설명 목적들을 위해, 도 5의 경우에 양쪽 함수들(48 및 50)은 상수 또는 이진 함수들(constant or binary functions)로 예시적으로 보여진다. 함수(50)는, 예를 들어, 전체 영역, 즉 전체 제로-부분(40),에 대해 일정 값을 추정하는 함수이며, 함수(48)는 제로-부분(40)의 외곽 모서리에서 0이고, 그것들 사이의 비-제로 상수값을 추정하는 이진 함수(binary function)이다. 일반적으로 말해, 도 5의 예에 따라 함수(50 및 48)은 도 3 및 4에서 보여지는 것들에 대응하는 것처럼 어떠한 상수 또는 단봉 함수일 수 있다. 더 정확히, 적어도 하나는 단봉이고 적어도 하나는 (구간적, piecewise-) 상수이며 잠재적으로 추가적인 것은 단봉 또는 상수 중 어느 하나일 수 있다.For illustrative purposes, both functions 48 and 50 in the case of FIG. 5 are illustratively shown as constant or binary functions. The function 50 is a function for estimating a constant value, for example, for the entire area, i.e., the entire zero-part 40, and the function 48 is 0 at the outer edge of the zero- Is a binary function that estimates the non-zero constant value between them. Generally speaking, functions 50 and 48 in accordance with the example of FIG. 5 may be any constant or singular function as corresponding to those shown in FIGS. 3 and 4. More precisely, at least one is a single rod, at least one is a (piecewise) constant and potentially additional can be either a single rod or a constant.

비록 조성에 의존하는 함수(48 및 50)의 변화 형태가 달라진다 하더라도, 도 3 내지 5의 모든 예시들은, 증가하는 조성에 대해, 노이즈 채움이 오디오 신호의 조성 위상들에 부정적인 영향을 미치지 않지만 그럼에도 불구하고 오디오 신호의 비-조성 위상(non-tonal phases)의 좋은 근사를 도출하기 때문에 노이즈 채움의 품질이 증가되도록 스펙트럼(34)의 조성 피크들의 스미어링-업 즉각 써라운딩(smearing-up immediate surroundings)의 정도가 감소되거나 피해진다는 점에서 공통점을 갖는다.Although all of the examples of FIGS. 3-5 show that, for an increasing composition, the noise filling does not negatively affect the composition phases of the audio signal, Up immediate surroundings of the composition peaks of the spectrum 34 so as to increase the quality of the noise fill because it leads to a good approximation of the non-tonal phases of the audio signal, The degree of the decrease is avoided or avoided.

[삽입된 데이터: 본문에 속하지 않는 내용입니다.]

(* Let $X,Y$ be finite abelian groups and $Q\in M_{X\times Y}(\mathbb T)$ arbitrary. Then for $i,j\in X$ the matrix $\sum_{a\in Y}W_{ia,jb}$ does not depend on $b\in Y$, and there is a $*$-representation $\pi:C(Y\wr_*X)\to M_{X\times Y}(\mathbb C)$ with $$\pi(u_{ab}^{(i)})=\sum_{j\in X}W_{ia,jb},\qquad \pi(v_{ij})=\sum_{a\in Y}W_{ia,jb},$$ such that $\pi_Q=\pi\circ\Phi$, where $\Phi:C(S^+_{X\times Y})\to C(Y\wr_*X)$ is the morphism $u_{ia,jb}\mapsto u^{(i)}_{ab}v_{ij}$.
   Context: Finite abelian groups are written additively. For a finite abelian group $Z\simeq\mathbb Z_{N_1}\times\cdots\times\mathbb Z_{N_s}$, $F_Z=F_{N_1}\otimes\cdots\otimes F_{N_s}$ with $F_n=(e^{2\pi ijk/n})_{j,k\in\mathbb Z_n}$. Let $F=F_X$, $L=F_Y$, $M=|X|$, $N=|Y|$, and $(W_{ia,jb})_{kc,ld}=\frac{1}{MN}\frac{Q_{ic}Q_{jd}}{Q_{id}Q_{jc}}F_{i-j,k-l}L_{a-b,c-d}$. $C(S_Z^+)$ is the universal $C^*$-algebra generated by the entries of a magic matrix indexed by a finite set $Z$ (entries orthogonal projections, rows and columns summing to $1$), with $\Delta(u_{ij})=\sum_ku_{ik}\otimes u_{kj}$; $\pi_Q:C(S^+_{X\times Y})\to M_{X\times Y}(\mathbb C)$ is $u_{ia,jb}\mapsto W_{ia,jb}$. $C(Y)$ is regarded as the quotient of $C(S_Y^+)$ by the relations $u_{ab}=u_{cd}$ whenever $a-b=c-d$ (so $u_{ab}$ is the indicator function of $a-b$), and similarly $C(X)$ as a quotient of $C(S_X^+)$ with generators $v_{ij}$. The free wreath product $C(Y\wr_*X)$ is the quotient of the free product $C(Y)^{*X}*C(X)$ (with $u^{(i)}_{ab}$ the generators of the $i$-th copy of $C(Y)$) by the relations $[u^{(i)}_{ab},v_{ij}]=0$, with the Hopf structure making $w_{ia,jb}=u^{(i)}_{ab}v_{ij}$ a magic corepresentation. *)

theory Defs
  imports Complex_Main
begin

text \<open>A finite abelian group is presented by a list of moduli ns = [N_1,...,N_s];
  its elements are lists x of length s with x!k < N_k, with componentwise
  addition modulo N_k.\<close>

definition grp :: "nat list \<Rightarrow> nat list set" where
  "grp ns = {x. length x = length ns \<and> (\<forall>k<length ns. x ! k < ns ! k)}"

definition grp_add :: "nat list \<Rightarrow> nat list \<Rightarrow> nat list \<Rightarrow> nat list" where
  "grp_add ns x y = map (\<lambda>k. (x ! k + y ! k) mod (ns ! k)) [0..<length ns]"

definition grp_diff :: "nat list \<Rightarrow> nat list \<Rightarrow> nat list \<Rightarrow> nat list" where
  "grp_diff ns x y = map (\<lambda>k. (x ! k + (ns ! k - y ! k)) mod (ns ! k)) [0..<length ns]"

text \<open>Fourier matrix F_Z = F_{N_1} (x) ... (x) F_{N_s}, F_n = (e^{2 pi i jk/n}).\<close>
definition fourier :: "nat list \<Rightarrow> nat list \<Rightarrow> nat list \<Rightarrow> complex" where
  "fourier ns x y = (\<Prod>k<length ns. cis (2 * pi * real (x ! k * y ! k) / real (ns ! k)))"

type_synonym idx = "nat list \<times> nat list"
type_synonym cmat = "idx \<Rightarrow> idx \<Rightarrow> complex"

definition idxset :: "nat list \<Rightarrow> nat list \<Rightarrow> idx set" where
  "idxset ns ms = grp ns \<times> grp ms"

definition mmult :: "idx set \<Rightarrow> cmat \<Rightarrow> cmat \<Rightarrow> cmat" where
  "mmult I A B = (\<lambda>p q. \<Sum>r\<in>I. A p r * B r q)"

definition mone :: cmat where
  "mone = (\<lambda>p q. if p = q then 1 else 0)"

definition meq :: "idx set \<Rightarrow> cmat \<Rightarrow> cmat \<Rightarrow> bool" where
  "meq I A B \<longleftrightarrow> (\<forall>p\<in>I. \<forall>q\<in>I. A p q = B p q)"

definition is_proj :: "idx set \<Rightarrow> cmat \<Rightarrow> bool" where
  "is_proj I P \<longleftrightarrow> meq I (mmult I P P) P \<and> (\<forall>p\<in>I. \<forall>q\<in>I. cnj (P q p) = P p q)"

definition magic :: "idx set \<Rightarrow> nat list set \<Rightarrow> (nat list \<Rightarrow> nat list \<Rightarrow> cmat) \<Rightarrow> bool" where
  "magic I Z u \<longleftrightarrow> (\<forall>x\<in>Z. \<forall>y\<in>Z. is_proj I (u x y))
     \<and> (\<forall>x\<in>Z. meq I (\<lambda>p q. \<Sum>y\<in>Z. u x y p q) mone)
     \<and> (\<forall>y\<in>Z. meq I (\<lambda>p q. \<Sum>x\<in>Z. u x y p q) mone)"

지금까지, 도 3 내지 5의 설명은 하나의 인접 스펙트럼 제로-부분의 채움에 초점이 맞추어졌다. 도 6의 실시예에 따라, 도 2의 장치는 오디오 신호의 스펙트럼의 인접 스펙트럼 제로-부분들을 식별하고 이와 같이 식별된 인접 스펙트럼 제로-부분들에 노이즈 채움을 적용하도록 구성된다. 특히, 도 6은 제로-부분 식별자(zero-portion identifier)(70) 및 제로-부분 필러(zero-portion filler)(72)를 포함하는 것처럼 더 자세히 도 2의 노이즈 필러(32)를 보여준다. 제로-부분 식별자는 도 3의 (40) 및 (42) 같은 인접 스펙트럼 제로-부분들에 대한 스펙트럼(34)을 검색한다(searches). 이미 위에서 설명된 것처럼, 인접 스펙트럼 제로-부분들은 0으로 양자화된 스펙트럼 값들의 실행(연장, runs)으로 정의될 수 있다. 제로-부분 식별자(70)는, 몇몇 시작 주파수에서 시작하는, 즉 위에 위치하는, 오디오 신호 스펙트럼의 고주파수 스펙트럼 부분에 식별(identification)을 제한하도록 구성될 수 있다. 따라서, 상기 장치는 고주파수 스펙트럼 부분같이 노이즈 채움의 성능을 제한하도록 구성될 수 있다. 제로-부분 식별자(70)가 인접 스펙트럼 제로-부분들의 식별을 수행하는 것 위의, 그리고 노이즈 채움의 성능을 제한하도록 구성되는 장치 위의, 시작 주파수는 고정되거나 또는 변할 수 있다. 예를 들어, 오디오 신호가 그 스펙트럼을 통해 코딩되는 오디오 신호의 데이터 스트림의 명시적 시그널링은 이용될 시작 주파수를 시그널링하는 데 이용될 수 있다.Up to now, the description of Figures 3-5 focused on the filling of one adjacent spectral zero-portion. According to the embodiment of FIG. 6, the apparatus of FIG. 2 is configured to identify adjacent spectral zero-parts of the spectrum of the audio signal and apply noise filling to the identified adjacent spectral zero-parts. In particular, FIG. 6 shows the noise filler 32 of FIG. 2 in more detail as it includes a zero-portion identifier 70 and a zero-portion filler 72. The zero-partial identifier searches spectrum 34 for adjacent spectral zero-parts, such as (40) and (42) in FIG. As already explained above, adjacent spectral zero-parts can be defined as runs of spectral values quantized to zero. The zero-partial identifier 70 may be configured to limit identification to the high frequency spectral portion of the audio signal spectrum starting at some starting frequency, i. E., Above. Thus, the apparatus can be configured to limit the performance of noise filling, such as the high frequency spectrum portion. The start frequency on the device, which is configured to limit the performance of the noise fill, over the zero-portion identifier 70 performing identification of adjacent spectral zero-parts, may be fixed or variable. For example, explicit signaling of the data stream of the audio signal in which the audio signal is coded through its spectrum can be used to signal the starting frequency to be used.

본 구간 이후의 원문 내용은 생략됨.